Comment 10 for bug 741628

Revision history for this message
Robert Ancell (robert-ancell) wrote :

The solution was found by Rafał Mużyło in this bug:
https://bugs.gentoo.org/show_bug.cgi?id=380429

This is now fixed for 3.1.90.

To fix broken documents run the following:
simple-scan --fix-pdf ~/Documents/*.pdf

It should be safe to run this on all PDF documents but PLEASE BACKUP FIRST. It will also copy the existing document to DocumentName.pdf~ so you have those in case anything goes wrong.

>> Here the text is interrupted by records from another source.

(* There exists no real polynomial $P(x)=a_{11}x^{11}+a_{10}x^{10}+\cdots+a_0$ with $a_{11}>0$, $a_{10},a_9,a_8,a_7,a_6<0$, $a_5,a_4,a_3,a_2,a_1>0$, $a_0<0$, which has a single positive root, this root being simple, negative roots of total multiplicity $8$ (counted with multiplicity), and a pair of complex conjugate non-real roots with nonpositive real part. *)

theory Defs
  imports Complex_Main "HOL-Computational_Algebra.Polynomial"
begin

end

theory Submission
  imports Defs "HOL-Computational_Algebra.Fundamental_Theorem_Algebra"
begin

text \<open>
  Let \<open>x\<^sub>0\<close> be the positive root. The hypotheses account for at least
  \<open>1 + 2 + 8 = 11\<close> complex roots, so these are all of them, \<open>x\<^sub>0\<close> is simple, and every
  other root has nonpositive real part. By Vieta, the signs of \<open>a\<^sub>1\<^sub>1, a\<^sub>1\<^sub>0\<close> give a
  positive sum of the roots and the signs of \<open>a\<^sub>1, a\<^sub>0\<close> a positive sum of their
  reciprocals (in real part). Choosing a negative root \<open>r\<close>, the first forces
  \<open>x\<^sub>0 > -r\<close>, while the second, since \<open>Re (1/a) \<le> 0\<close> whenever \<open>Re a \<le> 0\<close>,
  forces \<open>1/x\<^sub>0 > -1/r\<close>, i.e. \<open>x\<^sub>0 < -r\<close>.
\<close>

lemma sum_count_le_size:
  assumes "finite A"
  shows "(\<Sum>a\<in>A. count M a) \<le> size M"
proof -
  have "(\<Sum>a\<in>A. count M a) = (\<Sum>a\<in>A \<inter> set_mset M. count M a)"
    using assms by (intro sum.mono_neutral_right) auto
  also have "\<dots> \<le> (\<Sum>a\<in>set_mset M. count M a)"
    by (intro sum_mono2) auto
  also have "\<dots> = size M"
    by (simp add: size_multiset_overloaded_eq)
  finally show ?thesis .
qed

lemma set_mset_remove1_subset_if_size_le:
  assumes A: "finite A" and x: "x \<in># M" "x \<notin> A"
    and size: "size M \<le> Suc (\<Sum>a\<in>A. count M a)"
  shows "set_mset (M - {#x#}) \<subseteq> A"
proof
  fix b
  assume b: "b \<in># M - {#x#}"
  show "b \<in> A"
  proof (rule ccontr)
    assume bA: "b \<notin> A"
    show False
    proof (cases "b = x")
      case True
      then have "count M x \<ge> 2"
        using b by (simp add: in_diff_count)
      moreover have "(\<Sum>a\<in>insert x A. count M a) \<le> size M"
        using A by (intro sum_count_le_size) simp
      ultimately show False
        using A x size by simp
    next
      case False
      have "count M b \<ge> 1" "count M x \<ge> 1"
        using in_diffD[OF b] x by (simp_all add: Suc_le_eq)
      moreover have "count M b + (count M x + (\<Sum>a\<in>A. count M a)) \<le> size M"
        using sum_count_le_size[of "insert b (insert x A)" M] A x bA False by simp
      ultimately show False
        using size by linarith
    qed
  qed
qed

lemma Re_sum_mset_nonpos: "\<forall>a\<in>#A. Re a \<le> 0 \<Longrightarrow> Re (sum_mset A) \<le> 0"
  by (induction A) auto

lemma Re_inverse_nonpos: "Re a \<le> 0 \<Longrightarrow> Re (1 / a) \<le> 0"
  by (simp add: Re_divide divide_nonpos_nonneg)

lemma map_poly_of_real_mult:
  "map_poly (of_real :: real \<Rightarrow> 'a::{real_algebra_1,comm_ring_1}) (p * q) =
     map_poly of_real p * map_poly of_real q"
  by (rule poly_eqI) (simp add: coeff_map_poly coeff_mult)

lemma map_poly_of_real_power:
  "map_poly (of_real :: real \<Rightarrow> 'a::{real_algebra_1,comm_ring_1}) (p ^ n) = map_poly of_real p ^ n"
  by (induction n) (simp_all add: map_poly_of_real_mult)

lemma poly_map_poly_of_real:
  "poly (map_poly (of_real :: real \<Rightarrow> 'a::{real_algebra_1,comm_ring_1}) p) (of_real x) = of_real (poly p x)"
  by (induction p) (auto simp: map_poly_pCons)

lemma order_le_order_map_poly_of_real:
  assumes "p \<noteq> 0"
  shows "order x p \<le> order (of_real x) (map_poly (of_real :: real \<Rightarrow> 'a::{real_algebra_1,idom}) p)"
proof -
  obtain q where "p = [:-x, 1:] ^ order x p * q"
    using order_1 dvdE by metis
  then have "map_poly of_real p = map_poly of_real ([:-x, 1:] ^ order x p) * (map_poly of_real q :: 'a poly)"
    by (metis map_poly_of_real_mult)
  also have "\<dots> = [:-of_real x, 1:] ^ order x p * map_poly of_real q"
    by (simp add: map_poly_of_real_power map_poly_pCons)
  finally have "map_poly of_real p = [:-of_real x, 1:] ^ order x p * (map_poly of_real q :: 'a poly)" .
  then have "[:-of_real x, 1:] ^ order x p dvd (map_poly of_real p :: 'a poly)"
    by simp
  moreover have "(map_poly of_real p :: 'a poly) \<noteq> 0"
    using assms by (simp add: map_poly_eq_0_iff)
  ultimately show ?thesis
    using order_divides by blast
qed

lemma sum_order_le_sum_count_proots_map_poly_of_real:
  fixes P :: "real poly"
  assumes "finite N" "P \<noteq> 0"
  shows "(\<Sum>x\<in>N. order x P) \<le> (\<Sum>a\<in>of_real ` N. count (proots (map_poly of_real P)) (a :: complex))"
proof -
  have "(\<Sum>x\<in>N. order x P) \<le> (\<Sum>x\<in>N. count (proots (map_poly of_real P)) (of_real x :: complex))"
    using assms by (intro sum_mono) (simp add: map_poly_eq_0_iff order_le_order_map_poly_of_real)
  also have "\<dots> = (\<Sum>a\<in>of_real ` N. count (proots (map_poly of_real P)) (a :: complex))"
    by (simp add: sum.reindex inj_on_def)
  finally show ?thesis .
qed

lemma coeff_linear_factor_mult:
  fixes a :: "'a::comm_ring_1"
  shows "coeff ([:-a, 1:] * q) n = (if n = 0 then 0 else coeff q (n - 1)) - a * coeff q n"
  by (cases n) (simp_all add: algebra_simps)

lemma degree_prod_linear_factors_le:
  fixes M :: "'a::comm_ring_1 multiset"
  shows "degree (\<Prod>a\<in>#M. [:-a, 1:]) \<le> size M"
proof (induction M)
  case (add a M)
  have "degree ([:-a, 1:] * (\<Prod>a\<in>#M. [:-a, 1:])) \<le> 1 + degree (\<Prod>a\<in>#M. [:-a, 1:])"
    using degree_mult_le[of "[:-a, 1:]"] by simp
  with add.IH show ?case by simp
qed simp

lemma coeff_prod_linear_factors_size:
  fixes M :: "'a::comm_ring_1 multiset"
  shows "coeff (\<Prod>a\<in>#M. [:-a, 1:]) (size M) = 1"
proof (induction M)
  case (add a M)
  have "coeff (\<Prod>a\<in>#M. [:-a, 1:]) (Suc (size M)) = 0"
    using degree_prod_linear_factors_le[of M] by (intro coeff_eq_0) simp
  with add.IH show ?case by (simp add: coeff_linear_factor_mult)
qed simp

lemma coeff_prod_linear_factors_pred_size:
  fixes M :: "'a::comm_ring_1 multiset"
  shows "size M = Suc n \<Longrightarrow> coeff (\<Prod>a\<in>#M. [:-a, 1:]) n = - sum_mset M"
proof (induction M arbitrary: n)
  case (add a M)
  then have "size M = n" by simp
  with add.IH coeff_prod_linear_factors_size[of M] show ?case
    by (cases n) (simp_all add: coeff_linear_factor_mult)
qed simp

lemma coeff_1_prod_linear_factors:
  fixes M :: "'a::field multiset"
  shows "0 \<notin># M \<Longrightarrow> coeff (\<Prod>a\<in>#M. [:-a, 1:]) 1 = - coeff (\<Prod>a\<in>#M. [:-a, 1:]) 0 * (\<Sum>a\<in>#M. 1 / a)"
proof (induction M)
  case (add a M)
  then show ?case by (auto simp: coeff_linear_factor_mult field_simps)
qed simp

lemma coeff_pred_degree_complex_poly:
  fixes p :: "complex poly"
  assumes "degree p = Suc n"
  shows "coeff p n = - lead_coeff p * sum_mset (proots p)"
proof -
  have "coeff p n = lead_coeff p * coeff (\<Prod>a\<in>#proots p. [:-a, 1:]) n"
    by (metis coeff_smult complex_poly_decompose_multiset)
  then show ?thesis
    using coeff_prod_linear_factors_pred_size[of "proots p" n] assms
    by (simp add: size_proots_complex)
qed

lemma coeff_1_complex_poly:
  fixes p :: "complex poly"
  assumes "poly p 0 \<noteq> 0"
  shows "coeff p 1 = - coeff p 0 * (\<Sum>a\<in>#proots p. 1 / a)"
proof -
  define Q where "Q = (\<Prod>a\<in>#proots p. [:-a, 1:])"
  have coeff_p: "coeff p k = lead_coeff p * coeff Q k" for k
    unfolding Q_def by (metis coeff_smult complex_poly_decompose_multiset)
  have "p \<noteq> 0"
    using assms by auto
  with assms have "0 \<notin># proots p"
    by simp
  then have "coeff Q 1 = - coeff Q 0 * (\<Sum>a\<in>#proots p. 1 / a)"
    unfolding Q_def by (rule coeff_1_prod_linear_factors)
  then show ?thesis
    using coeff_p[of 1] coeff_p[of 0] by (simp only: mult.assoc mult_minus_left mult_minus_right)
qed

lemma coeff_pred_degree_eq_Re_sum_proots:
  fixes P :: "real poly"
  assumes "degree P = Suc n"
  shows "coeff P n = - lead_coeff P * Re (sum_mset (proots (map_poly of_real P :: complex poly)))"
proof -
  have "coeff P n = Re (coeff (map_poly of_real P) n :: complex)"
    by (simp add: coeff_map_poly)
  also have "coeff (map_poly of_real P) n =
      - lead_coeff (map_poly of_real P) * sum_mset (proots (map_poly of_real P :: complex poly))"
    using assms by (intro coeff_pred_degree_complex_poly) (simp add: degree_map_poly)
  finally show ?thesis
    by (simp add: degree_map_poly coeff_map_poly)
qed

lemma coeff_1_eq_Re_sum_inverse_proots:
  fixes P :: "real poly"
  assumes "poly P 0 \<noteq> 0"
  shows "coeff P 1 = - coeff P 0 * Re (\<Sum>a\<in>#proots (map_poly of_real P :: complex poly). 1 / a)"
proof -
  have "coeff P 1 = Re (coeff (map_poly of_real P) 1 :: complex)"
    by (simp add: coeff_map_poly)
  also have "coeff (map_poly of_real P) 1 =
      - coeff (map_poly of_real P) 0 * (\<Sum>a\<in>#proots (map_poly of_real P :: complex poly). 1 / a)"
    using assms by (intro coeff_1_complex_poly) (simp add: poly_0_coeff_0 coeff_map_poly)
  finally show ?thesis
    by (simp add: coeff_map_poly)
qed

lemma Re_sum_inverse_neg_if_Re_sum_pos:
  fixes x r :: real and R :: "complex multiset"
  assumes "0 < x" "r < 0" and R: "\<forall>a\<in>#R. Re a \<le> 0"
    and sum_pos: "0 < Re (sum_mset (add_mset (of_real x) (add_mset (of_real r) R)))"
  shows "Re (\<Sum>a\<in>#add_mset (of_real x) (add_mset (of_real r) R). 1 / a) < 0"
proof -
  have "-r < x"
    using sum_pos Re_sum_mset_nonpos[OF R] by simp
  then have "1 / x < 1 / (-r)"
    using assms by (intro divide_strict_left_mono) (simp_all add: mult_pos_neg)
  then have "1 / x + 1 / r < 0"
    by simp
  moreover have "Re (\<Sum>a\<in>#R. 1 / a) \<le> 0"
    using R by (intro Re_sum_mset_nonpos) (simp add: Re_inverse_nonpos)
  ultimately show ?thesis
    by simp
qed

lemma degree_le_Suc_sum_count_proots_nonreal_pair_negative_roots:
  fixes P :: "real poly" and z :: complex
  defines "N \<equiv> {x. x < 0 \<and> poly P x = 0}"
  assumes "P \<noteq> 0" and z: "Im z \<noteq> 0" "poly (map_poly of_real P) z = 0"
    and neg: "(\<Sum>x\<in>N. order x P) + 3 = degree P"
  shows "degree P \<le> Suc (\<Sum>a\<in>insert z (insert (cnj z) (of_real ` N)). count (proots (map_poly of_real P)) a)"
proof -
  let ?M = "proots (map_poly of_real P :: complex poly)"
  have "finite N"
    using poly_roots_finite[OF \<open>P \<noteq> 0\<close>] by (simp add: N_def)
  have "poly (map_poly of_real P) (cnj z) = 0"
    using z by (subst real_poly_cnj_root_iff) (simp_all add: coeff_map_poly)
  with z \<open>P \<noteq> 0\<close> have "1 \<le> count ?M z" "1 \<le> count ?M (cnj z)"
    by (auto simp: map_poly_eq_0_iff Suc_le_eq order_root)
  then have "1 + 1 + (\<Sum>x\<in>N. order x P) \<le> count ?M z + count ?M (cnj z) + (\<Sum>a\<in>of_real ` N. count ?M a)"
    using sum_order_le_sum_count_proots_map_poly_of_real[OF \<open>finite N\<close> \<open>P \<noteq> 0\<close>]
    by (intro add_mono)
  also have "\<dots> = (\<Sum>a\<in>insert z (insert (cnj z) (of_real ` N)). count ?M a)"
  proof -
    have "z \<noteq> cnj z" "z \<notin> of_real ` N" "cnj z \<notin> of_real ` N"
      using z(1) by (auto simp: complex_eq_iff)
    then show ?thesis
      using \<open>finite N\<close> by (simp add: add.assoc)
  qed
  finally show ?thesis
    using neg by simp
qed

lemma proots_map_poly_of_real_decompose:
  fixes P :: "real poly" and z :: complex
  assumes deg: "degree P = k + 3" and "0 < k" and x0: "0 < x0" "poly P x0 = 0"
    and neg: "(\<Sum>x\<in>{x. x < 0 \<and> poly P x = 0}. order x P) = k"
    and z: "Im z \<noteq> 0" "Re z \<le> 0" "poly (map_poly of_real P) z = 0"
  obtains r R where "r < 0" "\<forall>a\<in>#R. Re a \<le> 0"
    "proots (map_poly of_real P) = add_mset (of_real x0) (add_mset (of_real r) R)"
proof -
  define M where "M = proots (map_poly of_real P :: complex poly)"
  define N where "N = {x. x < 0 \<and> poly P x = 0}"
  define A where "A = insert z (insert (cnj z) (of_real ` N))"
  have "P \<noteq> 0"
    using deg by auto
  then have in_M: "a \<in># M \<longleftrightarrow> poly (map_poly of_real P) a = 0" for a
    by (simp add: M_def map_poly_eq_0_iff)
  have Re_A: "Re a \<le> 0" if "a \<in> A" for a
    using that z by (auto simp: A_def N_def)
  have "finite A"
    using poly_roots_finite[OF \<open>P \<noteq> 0\<close>] by (simp add: A_def N_def)
  moreover have "of_real x0 \<in># M"
    using x0 in_M by (simp add: poly_map_poly_of_real)
  moreover have "of_real x0 \<notin> A"
    using Re_A x0(1) by force
  moreover have "size M \<le> Suc (\<Sum>a\<in>A. count M a)"
    using degree_le_Suc_sum_count_proots_nonreal_pair_negative_roots[OF \<open>P \<noteq> 0\<close> z(1,3)] deg neg
    by (simp add: M_def A_def N_def size_proots_complex degree_map_poly)
  ultimately have sub: "set_mset (M - {#of_real x0#}) \<subseteq> A"
    by (rule set_mset_remove1_subset_if_size_le)
  have "N \<noteq> {}"
    using neg \<open>0 < k\<close> unfolding N_def by (metis sum.empty less_irrefl)
  then obtain r where r: "r < 0" "poly P r = 0"
    by (auto simp: N_def)
  then have "of_real r \<in># M - {#of_real x0#}"
    using x0 in_M by (auto simp: poly_map_poly_of_real in_diff_count)
  show thesis
  proof
    show "\<forall>a\<in>#M - {#of_real x0#} - {#of_real r#}. Re a \<le> 0"
      using sub Re_A by (metis in_diffD subsetD)
    show "proots (map_poly of_real P) = add_mset (of_real x0) (add_mset (of_real r) (M - {#of_real x0#} - {#of_real r#}))"
      using \<open>of_real x0 \<in># M\<close> \<open>of_real r \<in># M - {#of_real x0#}\<close>
      by (metis M_def insert_DiffM)
  qed (rule r)
qed

theorem lemma5:
  shows "\<not> (\<exists>P :: real poly.
      degree P = 11 \<and>
      coeff P 11 > 0 \<and>
      (\<forall>i\<in>{6..10}. coeff P i < 0) \<and>
      (\<forall>i\<in>{1..5}. coeff P i > 0) \<and>
      coeff P 0 < 0 \<and>
      (\<exists>!x. x > 0 \<and> poly P x = 0) \<and>
      (\<forall>x. x > 0 \<and> poly P x = 0 \<longrightarrow> order x P = 1) \<and>
      (\<Sum>x\<in>{x. x < 0 \<and> poly P x = 0}. order x P) = 8 \<and>
      (\<exists>z. Im z \<noteq> 0 \<and> Re z \<le> 0 \<and> poly (map_poly complex_of_real P) z = 0))"
proof (intro notI, elim exE conjE)
  fix P :: "real poly" and z :: complex
  assume deg: "degree P = 11" and a11: "coeff P 11 > 0" and a6_10: "\<forall>i\<in>{6..10}. coeff P i < 0"
    and a1_5: "\<forall>i\<in>{1..5}. coeff P i > 0" and a0: "coeff P 0 < 0"
    and pos_root: "\<exists>!x. x > 0 \<and> poly P x = 0"
    and "\<forall>x. x > 0 \<and> poly P x = 0 \<longrightarrow> order x P = 1" \<comment> \<open>unused: counting roots forces this\<close>
    and neg_roots: "(\<Sum>x\<in>{x. x < 0 \<and> poly P x = 0}. order x P) = 8"
    and z: "Im z \<noteq> 0" "Re z \<le> 0" "poly (map_poly complex_of_real P) z = 0"
  define M where "M = proots (map_poly of_real P :: complex poly)"
  obtain x0 where x0: "0 < x0" "poly P x0 = 0"
    using pos_root by blast
  have "degree P = 8 + 3"
    using deg by simp
  then obtain r R where r: "r < 0" "\<forall>a\<in>#R. Re a \<le> 0"
    and M_eq: "M = add_mset (of_real x0) (add_mset (of_real r) R)"
    unfolding M_def using proots_map_poly_of_real_decompose[OF _ zero_less_numeral x0 neg_roots z] by blast
  have "0 < Re (sum_mset M)"
    using coeff_pred_degree_eq_Re_sum_proots[of P 10] deg a11 a6_10[rule_format, of 10]
    by (simp add: M_def zero_less_mult_iff)
  moreover have "0 < Re (\<Sum>a\<in>#M. 1 / a)"
    using coeff_1_eq_Re_sum_inverse_proots[of P] a0 a1_5[rule_format, of 1]
    by (simp add: M_def poly_0_coeff_0 mult_less_0_iff)
  moreover have "Re (\<Sum>a\<in>#M. 1 / a) < 0"
    using Re_sum_inverse_neg_if_Re_sum_pos[OF x0(1) r] calculation(1) unfolding M_eq by blast
  ultimately show False
    by linarith
qed

end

If you can't wait for the next simple-scan, you can also run this Python program (i.e. python fixpdf.py broken.pdf > fixed.pdf)
import sys
import re

lines = file (sys.argv[1]).readlines ()

xref_offset = int(lines[-2])

xref_offset = 0
for (n, line) in enumerate (lines):
        # Fix PDF header and binary comment
        if (n == 0 or n == 1) and line.startswith ('%%'):
                xref_offset -= 1
                line = line[1:]

        # Fix xref format
        match = re.match ('(\d\d\d\d\d\d\d\d\d\d) 0000 n\n', line)
        if match != None:
                offset = int (match.groups ()[0])
                line = '%010d 00000 n \n' % (offset + xref_offset)

        # Fix xref offset
        if n == len(lines) - 2:
                line = '%d\n' % (int (line) + xref_offset)

        # Fix EOF marker
        if n == len(lines) - 1 and line.startswith ('%%%%'):
            line = line[2:]

        print line,